Я включил эту женщину в свой круг, потому что она в огне рождена, в огненной купели семь раз крещена, к страданиям причастилась и через страдания узнала всю правду земли[56]. Нет ей счастья на этом свете, да она и не взяла бы счастья в обычном житейском смысле.
Я люблю её за то, что в ней, в её гаданье, особенно со слов „Тебе угрожает опала“, опять, как и в „Светике Саввишне“, я нашёл единственную осмысленно оправданную мелодию — сгусток моей сердечной муки.
Вы знаете судьбу моего „Бориса“ — и счастливую, и горькую. Не видать мне его, даже если бы остался я жив. Но знаю: из содеянного мною всё может сгибнуть, а „Борис“ да вот это гаданье Марфы — останутся. Потому и смотрю вперёд светло».
10
«…Теперь, через Марфино гаданье, могу рассказать о том, чтó Стасов назовёт и уже теперь называет моим „третьим“ периодом.
Умный человек, а не избег рутины. Обо всех нас говорится и пишется, что в жизни нашей бывает три периода: первый — незрелость мысли, смелые пробы и удачный дебют; второй — зрелость, создание самого главного, зенит; ну, а третий — начало упадка и самый упадок. Если периодов пять или десять, их всё равно сводят к трём. После „Бориса“ вступил я в этот мрачный, третий период… Впрочем, мои „Песни и пляски смерти“[57] Стасов высоко ценит… А я всё тот же. И „Пляски смерти“ — это не крик отчаяния, не упадок воли и веры в жизнь. Совсем наоборот. Средневековый сюжет пленил меня не потому, что я пал духом, а потому, что всё та же правда земли не отпускает меня и требует её выразить.

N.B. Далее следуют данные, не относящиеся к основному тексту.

lemma C4_free_no_induced_cycle:
  assumes "C_free 4 V E" "graph V E"
    and "a \<in> V" "b \<in> V" "c \<in> V" "d \<in> V" "a \<noteq> c" "b \<noteq> d"
    and "E a b" "E b c" "E c d" "E d a" "\<not> E a c" "\<not> E b d"
  shows False
proof -
  note E = graph_commute[OF assms(2)] and irr = graph_irrefl[OF assms(2)]
  have "distinct [a, b, c, d]"
    using assms(7-) irr by (auto simp: E)
  then have "has_induced V E 4 (cycle_edges 4)"
    using assms(3-) irr by (intro has_induced_listI[of "[a, b, c, d]"])
      (auto simp: less_Suc_eq numeral_eq_Suc cycle_edges_def path_edges_def E)
  then show False using assms(1) by (simp add: C_free_def)
qed

lemma not_P_free_4E:
  assumes "\<not> P_free 4 W E"
  obtains a b c d where "a \<in> W" "b \<in> W" "c \<in> W" "d \<in> W" "distinct [a, b, c, d]"
    "E a b" "E b c" "E c d" "\<not> E a c" "\<not> E a d" "\<not> E b d"
proof -
  obtain f where f: "\<forall>i<4. f i \<in> W" "inj_on f {..<4}"
    "\<forall>i<4. \<forall>j<4. E (f i) (f j) \<longleftrightarrow> path_edges i j"
    using assms unfolding P_free_def has_induced_def by blast
  have neq: "f i \<noteq> f j" if "i < 4" "j < 4" "i \<noteq> j" for i j
    using inj_onD[OF f(2)] that by blast
  show thesis
    by (rule that[of "f 0" "f 1" "f 2" "f 3"])
      (use f neq in \<open>auto simp: path_edges_def\<close>)
qed

lemma not_twoP3_freeE:
  assumes "\<not> twoP3_free W E"
  obtains a b c d e g where "a \<in> W" "b \<in> W" "c \<in> W" "d \<in> W" "e \<in> W" "g \<in> W"
    "distinct [a, b, c, d, e, g]" "E a b" "E b c" "E d e" "E e g" "\<not> E a c" "\<not> E d g"
    "\<not> E a d" "\<not> E a e" "\<not> E a g" "\<not> E b d" "\<not> E b e" "\<not> E b g"
    "\<not> E c d" "\<not> E c e" "\<not> E c g"
proof -
  obtain f where f: "\<forall>i<6. f i \<in> W" "inj_on f {..<6}"
    "\<forall>i<6. \<forall>j<6. E (f i) (f j) \<longleftrightarrow> twoP3_edges i j"
    using assms unfolding twoP3_free_def has_induced_def by blast
  have neq: "f i \<noteq> f j" if "i < 6" "j < 6" "i \<noteq> j" for i j
    using inj_onD[OF f(2)] that by blast
  show thesis
    by (rule that[of "f 0" "f 1" "f 2" "f 3" "f 4" "f 5"])
      (use f neq in \<open>auto simp: twoP3_edges_def path_edges_def\<close>)
qed

locale belt_graph =
  fixes V :: "'a set" and E :: "'a \<Rightarrow> 'a \<Rightarrow> bool" and Q1 Q2 Q3 Q4 Q5 R2 R3 :: "'a set"
  assumes belt: "belt V E Q1 Q2 Q3 Q4 Q5 R2 R3"
begin

lemma graph: "graph V E"
  and P6_free: "P_free 6 V E" and C4_free: "C_free 4 V E" and C6_free: "C_free 6 V E"
  using belt unfolding belt_def by simp_all

lemma mirror: "belt V E Q4 Q3 Q2 Q1 Q5 R3 R2"
  using belt unfolding belt_def by (simp add: Int_commute Un_ac)

lemma partition: "Q1 \<union> Q2 \<union> Q3 \<union> Q4 \<union> Q5 \<union> R2 \<union> R3 = V"
  and Q1_disjoint: "Q1 \<inter> Q3 = {}" "Q1 \<inter> R3 = {}"
  and nonempty: "Q1 \<noteq> {}" "Q4 \<noteq> {}" "Q5 \<noteq> {}"
  and Q3_clique: "clique E Q3"
  and complete_parts: "complete E Q1 (Q2 \<union> R2 \<union> Q5)" "complete E Q4 (Q3 \<union> R3 \<union> Q5)"
    "complete E Q2 R2" "complete E Q3 R3"
  and anticomplete_parts: "anticomplete E Q1 (Q3 \<union> R3 \<union> Q4)" "anticomplete E Q4 (Q2 \<union> R2 \<union> Q1)"
    "anticomplete E Q5 (Q2 \<union> R2 \<union> Q3 \<union> R3)"
  and has_neighbour_across: "\<forall>u\<in>Q2 \<union> R2. \<exists>w\<in>Q3 \<union> R3. E u w"
  and R2_not_universal: "\<forall>u\<in>R2. \<not> (\<forall>v\<in>R2. v \<noteq> u \<longrightarrow> E u v)"
  using belt unfolding belt_def by simp_all

lemma E_commute: "E x y \<longleftrightarrow> E y x"
  using graph by (rule graph_commute)

lemma in_V:
  "x \<in> Q1 \<Longrightarrow> x \<in> V" "x \<in> Q2 \<Longrightarrow> x \<in> V" "x \<in> Q3 \<Longrightarrow> x \<in> V" "x \<in> Q4 \<Longrightarrow> x \<in> V"
  "x \<in> Q5 \<Longrightarrow> x \<in> V" "x \<in> R2 \<Longrightarrow> x \<in> V" "x \<in> R3 \<Longrightarrow> x \<in> V"
  using partition by blast+

lemma adjacent:
  "x \<in> Q1 \<Longrightarrow> y \<in> Q2 \<union> R2 \<union> Q5 \<Longrightarrow> E x y" "x \<in> Q1 \<Longrightarrow> y \<in> Q2 \<union> R2 \<union> Q5 \<Longrightarrow> E y x"
  "x \<in> Q4 \<Longrightarrow> y \<in> Q3 \<union> R3 \<union> Q5 \<Longrightarrow> E x y" "x \<in> Q4 \<Longrightarrow> y \<in> Q3 \<union> R3 \<union> Q5 \<Longrightarrow> E y x"
  "x \<in> Q2 \<Longrightarrow> y \<in> R2 \<Longrightarrow> E x y" "x \<in> Q2 \<Longrightarrow> y \<in> R2 \<Longrightarrow> E y x"
  "x \<in> Q3 \<Longrightarrow> y \<in> R3 \<Longrightarrow> E x y" "x \<in> Q3 \<Longrightarrow> y \<in> R3 \<Longrightarrow> E y x"
  using complete_parts E_commute[THEN iffD1] unfolding complete_def by blast+

lemma nonadjacent:
  "x \<in> Q1 \<Longrightarrow> y \<in> Q3 \<union> R3 \<union> Q4 \<Longrightarrow> \<not> E x y" "x \<in> Q1 \<Longrightarrow> y \<in> Q3 \<union> R3 \<union> Q4 \<Longrightarrow> \<not> E y x"
  "x \<in> Q4 \<Longrightarrow> y \<in> Q2 \<union> R2 \<Longrightarrow> \<not> E x y" "x \<in> Q4 \<Longrightarrow> y \<in> Q2 \<union> R2 \<Longrightarrow> \<not> E y x"
  "x \<in> Q5 \<Longrightarrow> y \<in> Q2 \<union> R2 \<union> Q3 \<union> R3 \<Longrightarrow> \<not> E x y"
  "x \<in> Q5 \<Longrightarrow> y \<in> Q2 \<union> R2 \<union> Q3 \<union> R3 \<Longrightarrow> \<not> E y x"
  using anticomplete_parts E_commute[THEN iffD1] unfolding anticomplete_def by blast+

text \<open>The simplifier applies \<open>E_commute\<close> by ordered rewriting, so local adjacency facts are
handed to it as \<open>facts[simplified E_commute]\<close>, in the same orientation.\<close>

lemmas belt_simps = in_V adjacent nonadjacent E_commute

lemma R2_nonadjacent_no_common_neighbour:
  assumes "u \<in> R2" "v \<in> R2" "u \<noteq> v" "\<not> E u v" "w \<in> Q3 \<union> R3" "E u w"
  shows "\<not> E v w"
proof
  assume "E v w"
  obtain q1 where "q1 \<in> Q1" using nonempty by blast
  show False
    by (rule C4_free_no_induced_cycle[OF C4_free graph, of u q1 v w])
      (use assms \<open>E v w\<close> \<open>q1 \<in> Q1\<close> Q1_disjoint in \<open>auto simp: belt_simps\<close>)
qed

end

sublocale belt_graph \<subseteq> mirror: belt_graph V E Q4 Q3 Q2 Q1 Q5 R3 R2
  by unfold_locales (rule mirror)

context belt_graph
begin

lemma R2_R3_no_edge:
  assumes "u \<in> R2" "v \<in> R3"
  shows "\<not> E u v"
proof
  assume uv: "E u v"
  obtain u' where u': "u' \<in> R2" "u' \<noteq> u" "\<not> E u u'"
    using R2_not_universal assms(1) by blast
  obtain v' where v': "v' \<in> R3" "v' \<noteq> v" "\<not> E v v'"
    using mirror.R2_not_universal assms(2) by blast
  have u'v: "\<not> E u' v"
    using R2_nonadjacent_no_common_neighbour[of u u' v] u' assms uv by auto
  have v'u: "\<not> E v' u"
    using mirror.R2_nonadjacent_no_common_neighbour[of v v' u] v' assms uv by (auto simp: E_commute)
  obtain q1 q4 where q: "q1 \<in> Q1" "q4 \<in> Q4"
    using nonempty by blast
  note facts = assms uv u' v' u'v v'u q
  show False
  proof (cases "E u' v'")
    case True
    show False
      by (rule C6_free_no_induced_cycle[OF C6_free graph, of u' q1 u v q4 v'])
        (simp_all add: facts[simplified E_commute] True[simplified E_commute] belt_simps)
  next
    case False
    show False
      by (rule P6_free_no_induced_path[OF P6_free graph, of u' q1 u v q4 v'])
        (simp_all add: facts[simplified E_commute] False[simplified E_commute] belt_simps)
  qed
qed

lemma R2_has_Q3_neighbour:
  assumes "u \<in> R2"
  obtains w where "w \<in> Q3" "E u w"
  using has_neighbour_across R2_R3_no_edge assms by blast

lemma Q3_adjacent_R2_complete_Q2:
  assumes "v \<in> Q3" "r \<in> R2" "E v r" "q \<in> Q2"
  shows "E v q"
proof (rule ccontr)
  assume vq: "\<not> E v q"
  obtain r' where r': "r' \<in> R2" "r' \<noteq> r" "\<not> E r r'"
    using R2_not_universal assms(2) by blast
  have r'v: "\<not> E r' v"
    using R2_nonadjacent_no_common_neighbour[of r r' v] r' assms by (auto simp: E_commute)
  obtain q4 q5 where q: "q4 \<in> Q4" "q5 \<in> Q5"
    using nonempty by blast
  note facts = assms vq r' r'v q
  show False
    by (rule P6_free_no_induced_path[OF P6_free graph, of q5 q4 v r q r'])
      (simp_all add: facts[simplified E_commute] belt_simps)
qed

lemma R2_P4_free: "P_free 4 R2 E"
proof (rule ccontr)
  assume "\<not> P_free 4 R2 E"
  then obtain a b c d where P4: "a \<in> R2" "b \<in> R2" "c \<in> R2" "d \<in> R2" "distinct [a, b, c, d]"
    "E a b" "E b c" "E c d" "\<not> E a c" "\<not> E a d" "\<not> E b d"
    by (rule not_P_free_4E)
  obtain x where x: "x \<in> Q3" "E d x" using R2_has_Q3_neighbour P4(4) by blast
  obtain y where y: "y \<in> Q3" "E a y" using R2_has_Q3_neighbour P4(1) by blast
  obtain q4 where q4: "q4 \<in> Q4" using nonempty by blast
  have ax: "\<not> E a x" and bx: "\<not> E b x"
    using R2_nonadjacent_no_common_neighbour[of d a x] R2_nonadjacent_no_common_neighbour[of d b x]
      P4 x by (auto simp: E_commute)
  have cy: "\<not> E c y" and dy: "\<not> E d y"
    using R2_nonadjacent_no_common_neighbour[of a c y] R2_nonadjacent_no_common_neighbour[of a d y]
      P4 y by (auto simp: E_commute)
  have xy: "E x y"
    using Q3_clique x y dy unfolding clique_def by metis
  have "b \<noteq> x" "y \<noteq> c"
    using P4 x y by (auto simp: E_commute)
  note facts = P4 x y q4 ax bx cy dy xy this
  consider "\<not> E c x" | "E c x" "E b y" | "E c x" "\<not> E b y"
    by blast
  then show False
  proof cases
    case 1
    show False
      by (rule P6_free_no_induced_path[OF P6_free graph, of a b c d x q4])
        (simp_all add: facts[simplified E_commute] 1[simplified E_commute] belt_simps)
  next
    case 2
    show False
      by (rule C4_free_no_induced_cycle[OF C4_free graph, of y b c x])
        (simp_all add: facts[simplified E_commute] 2[simplified E_commute] belt_simps)
  next
    case 3
    show False
      by (rule P6_free_no_induced_path[OF P6_free graph, of d c b a y q4])
        (simp_all add: facts[simplified E_commute] 3[simplified E_commute] belt_simps)
  qed
qed

lemma R2_twoP3_free: "twoP3_free R2 E"
proof (rule ccontr)
  assume "\<not> twoP3_free R2 E"
  then obtain a b c d e g where P3: "a \<in> R2" "b \<in> R2" "c \<in> R2" "d \<in> R2" "e \<in> R2" "g \<in> R2"
    "distinct [a, b, c, d, e, g]" "E a b" "E b c" "E d e" "E e g" "\<not> E a c" "\<not> E d g"
    "\<not> E a d" "\<not> E a e" "\<not> E a g" "\<not> E b d" "\<not> E b e" "\<not> E b g"
    "\<not> E c d" "\<not> E c e" "\<not> E c g"
    by (rule not_twoP3_freeE)
  obtain x where x: "x \<in> Q3" "E a x" using R2_has_Q3_neighbour P3(1) by blast
  obtain y where y: "y \<in> Q3" "E d y" using R2_has_Q3_neighbour P3(4) by blast
  have x_non: "\<not> E c x" "\<not> E d x" "\<not> E e x" "\<not> E g x"
    using R2_nonadjacent_no_common_neighbour[of a _ x] P3 x by (auto simp: E_commute)
  have y_non: "\<not> E a y" "\<not> E b y" "\<not> E c y" "\<not> E g y"
    using R2_nonadjacent_no_common_neighbour[of d _ y] P3 y by (auto simp: E_commute)
  have xy: "E x y"
    using Q3_clique x y y_non(1) unfolding clique_def by metis
  note facts = P3 x y x_non y_non xy
  consider "\<not> E b x" | "E b x" "\<not> E e y" | "E b x" "E e y"
    by blast
  then show False
  proof cases
    case 1
    show False
      by (rule P6_free_no_induced_path[OF P6_free graph, of c b a x y d])
        (simp_all add: facts[simplified E_commute] 1[simplified E_commute] belt_simps)
  next
    case 2
    show False
      by (rule P6_free_no_induced_path[OF P6_free graph, of g e d y x a])
        (simp_all add: facts[simplified E_commute] 2[simplified E_commute] belt_simps)
  next
    case 3
    show False
      by (rule P6_free_no_induced_path[OF P6_free graph, of c b x y e g])
        (simp_all add: facts[simplified E_commute] 3[simplified E_commute] belt_simps)
  qed
qed

end

theorem theorem4p1:
  assumes "belt V E Q1 Q2 Q3 Q4 Q5 R2 R3"
  shows "(\<forall>u\<in>R2. \<forall>v\<in>R2. u \<noteq> v \<and> \<not> E u v \<longrightarrow> \<not> (\<exists>w\<in>Q3. E u w \<and> E v w))
       \<and> (\<forall>u\<in>R3. \<forall>v\<in>R3. u \<noteq> v \<and> \<not> E u v \<longrightarrow> \<not> (\<exists>w\<in>Q2. E u w \<and> E v w))
       \<and> (\<forall>u\<in>R2. \<forall>v\<in>R3. \<not> E u v)
       \<and> (\<forall>v\<in>Q2. (\<exists>r\<in>R3. E v r) \<longrightarrow> (\<forall>q\<in>Q3. E v q))
       \<and> (\<forall>v\<in>Q3. (\<exists>r\<in>R2. E v r) \<longrightarrow> (\<forall>q\<in>Q2. E v q))
       \<and> P_free 4 R2 E \<and> twoP3_free R2 E
       \<and> P_free 4 R3 E \<and> twoP3_free R3 E"
proof -
  interpret belt_graph V E Q1 Q2 Q3 Q4 Q5 R2 R3
    using assms by (rule belt_graph.intro)
  show ?thesis
    using R2_nonadjacent_no_common_neighbour mirror.R2_nonadjacent_no_common_neighbour
      R2_R3_no_edge Q3_adjacent_R2_complete_Q2 mirror.Q3_adjacent_R2_complete_Q2
      R2_P4_free R2_twoP3_free mirror.R2_P4_free mirror.R2_twoP3_free
    by blast
qed

end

Хотите, объясню вам, зачем я обратился к этому? Затем, что это предопределение моё: всегда смотреть в лицо тому, что страшно. Хоть и отворачивайся, а глядеть надо. Изобразить смерть — это вовсе не значит любить её. Я, например, яростно ненавижу войну и всей душой надеюсь, что всякий почувствует это, услыхав моего „Полководца“ или „Забытого“[58]. Но я не мoгy пройти мимо страшных картин, которые показывает мне жизнь. Если в „Трепаке“[59] моём услышится трагедия не только крестьянской доли, но всего русского бездорожья и заблудившейся в нём души, будь то мужичок убогий или бедный музыкант, значит, не напрасны мои труды и неустанные поиски.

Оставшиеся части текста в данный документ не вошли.